(Raw data begins)

lemma double_ind_mult_in_gen_span:
  assumes X: "X \<in> basis_set A B" and f: "f \<in> fun_span (summand_index A B) (gen q)"
  shows "(\<lambda>y. 2 * ind X y * f y) \<in> fun_span (summand_index A B) (gen q)"
proof -
  obtain c where "f = (\<lambda>y. \<Sum>S\<in>summand_index A B. c S * gen q S y)"
    using f unfolding fun_span_def by blast
  then have "(\<lambda>y. 2 * ind X y * f y) = (\<lambda>y. \<Sum>S\<in>summand_index A B. c S * (2 * ind X y * gen q S y))"
    by (simp add: fun_eq_iff sum_distrib_left mult_ac)
  also have "\<dots> \<in> fun_span (summand_index A B) (gen q)"
    using double_ind_mult_gen_in_gen_span[OF X] finite_summand_index by (intro fun_span_sum)
  finally show ?thesis .
qed

lemma ind_sum_in_gen_span:
  assumes "T \<subseteq> basis_set A B"
  shows "ind (\<Sum>X\<in>T. X) \<in> fun_span (summand_index A B) (gen q)"
  using finite_hom1_set[of T] assms
proof (induction T rule: finite_induct)
  case empty
  show ?case by (simp add: ind_zero fun_span_zero)
next
  case (insert X T)
  then have X: "X \<in> basis_set A B" and IH: "ind (\<Sum>X\<in>T. X) \<in> fun_span (summand_index A B) (gen q)"
    by auto
  have "(\<lambda>y. ind X y + ind (\<Sum>X\<in>T. X) y - 2 * ind X y * ind (\<Sum>X\<in>T. X) y)
      \<in> fun_span (summand_index A B) (gen q)"
    by (intro fun_span_diff fun_span_add ind_in_gen_span[OF X] IH double_ind_mult_in_gen_span[OF X])
  then show ?case using insert by (simp add: ind_add)
qed

lemma cbar_in_gen_span: "cbar q C \<in> fun_span (summand_index A B) (gen q)"
proof -
  obtain T where "T \<subseteq> basis_set A B" "C = (\<Sum>X\<in>T. X)" using ex_basis_subset_sum by blast
  then have "(\<lambda>y. qsign q C * ind C y) \<in> fun_span (summand_index A B) (gen q)"
    by (simp add: fun_span_scale ind_sum_in_gen_span)
  then show ?thesis by (simp add: cbar_eq_qsign_ind[abs_def])
qed

lemma cbar_span_eq_gen_span: "cbar_span q = fun_span (summand_index A B) (gen q)"
proof
  show "cbar_span q \<subseteq> fun_span (summand_index A B) (gen q)"
    unfolding cbar_span_def fun_span_def[symmetric] by (intro fun_span_subset cbar_in_gen_span) simp
  show "fun_span (summand_index A B) (gen q) \<subseteq> cbar_span q"
    unfolding cbar_span_def fun_span_def[symmetric]
    by (intro fun_span_subset finite_summand_index gen_in_cbar_span) (simp_all add: summand_index_def)
qed

lemma gen_span_direct:
  assumes eq: "(\<lambda>y. \<Sum>S\<in>summand_index A B. c S * gen q S y) = (\<lambda>y. \<Sum>S\<in>summand_index A B. c' S * gen q S y)"
    and S: "S \<in> summand_index A B"
  shows "(\<lambda>y. c S * gen q S y) = (\<lambda>y. c' S * gen q S y)"
proof -
  let ?I = "summand_index A B"
  define d where "d S = (c S - c' S) * (2 ^ (card S - 1) * (\<Prod>X\<in>S. qsign q X))" for S
  have diff: "c S * gen q S y - c' S * gen q S y = d S * ind_prod S y" for S y
    by (simp add: d_def gen_eq_ind_prod algebra_simps)
  have zero: "(\<Sum>S\<in>?I. d S * ind_prod S y) = 0" for y
    using fun_cong[OF eq, of y] by (simp add: diff[symmetric] sum_subtractf)
  have subset_sums: "(\<Sum>S\<in>{S \<in> ?I. S \<subseteq> T}. d S) = 0" if "T \<in> ?I" for T
  proof -
    have "(\<Sum>S\<in>?I. d S * ind_prod S (dual_point A B T)) = (\<Sum>S\<in>?I. if S \<subseteq> T then d S else 0)"
      using that by (intro sum.cong) (auto simp: ind_prod_dual_point summand_index_def)
    then show ?thesis using zero by (simp add: sum.inter_filter finite_summand_index)
  qed
  have "d S = 0"
    by (rule zero_if_subset_sums_zero[OF finite_summand_index _ subset_sums S]) simp
  then show ?thesis using diff[of S] by (simp add: fun_eq_iff)
qed

lemma card_gen_multiples:
  assumes "S \<in> summand_index A B"
  shows "card {(\<lambda>y. a * gen q S y) | a :: 8. True} = 2 ^ (4 - card S)"
proof -
  have S: "S \<subseteq> basis_set A B" "1 \<le> card S" "card S \<le> 3"
    using assms by (auto simp: summand_index_def)
  let ?h = "\<lambda>y. (\<Prod>X\<in>S. qsign q X) * ind_prod S y"
  have "?h (dual_point A B S) dvd 1"
    using prod_qsign_mult_self[of q S] by (simp add: ind_prod_dual_point[OF S(1) S(1)] dvdI)
  have "{(\<lambda>y. a * gen q S y) | a :: 8. True} = {(\<lambda>y. a * (2 ^ (card S - 1) * ?h y)) | a. True}"
    by (simp add: gen_eq_ind_prod mult.assoc)
  also have "card \<dots> = card (range (\<lambda>a :: 8. a * 2 ^ (card S - 1)))"
    by (rule card_scalar_multiples) fact
  also have "\<dots> = 2 ^ (4 - card S)"
    using S(2,3) card_range_mult_pow2_8[of "card S - 1"] by simp
  finally show ?thesis .
qed

end

(* The signs (-1)^q(C) are units. *)
theorem mainTheorem11:
  fixes q :: "'g::finite hom1 \<Rightarrow> bit" and A B :: "'g \<Rightarrow> 'g hom1"
  assumes "CARD('g) \<ge> 2"
    and "quad_form q"
    and "symplectic_basis A B"
  shows "cbar_span q =
           {f. \<exists>c :: 'g hom1 set \<Rightarrow> 8. f = (\<lambda>y. \<Sum>S\<in>summand_index A B. c S * gen q S y)}
       \<and> (\<forall>c c' :: 'g hom1 set \<Rightarrow> 8.
            (\<lambda>y. \<Sum>S\<in>summand_index A B. c S * gen q S y)
              = (\<lambda>y. \<Sum>S\<in>summand_index A B. c' S * gen q S y)
            \<longrightarrow> (\<forall>S\<in>summand_index A B. (\<lambda>y. c S * gen q S y) = (\<lambda>y. c' S * gen q S y)))
       \<and> (\<forall>S\<in>summand_index A B.
            card {(\<lambda>y. a * gen q S y) | a :: 8. True} = 2 ^ (4 - card S))
       \<and> card (basis_set A B) = 2 * CARD('g)"
  using cbar_span_eq_gen_span[OF assms(3), of q] gen_span_direct[OF assms(3)]
    card_gen_multiples[OF assms(3)] card_basis_set[OF assms(3)]
  unfolding fun_span_def by blast

end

(Raw data ends)

What you need to do -
Which lines of the data include the word "unfolding"? Copy each one.

Expected answer -
    using f unfolding fun_span_def by blast
    unfolding cbar_span_def fun_span_def[symmetric] by (intro fun_span_subset cbar_in_gen_span) simp
    unfolding cbar_span_def fun_span_def[symmetric]
  unfolding fun_span_def by blast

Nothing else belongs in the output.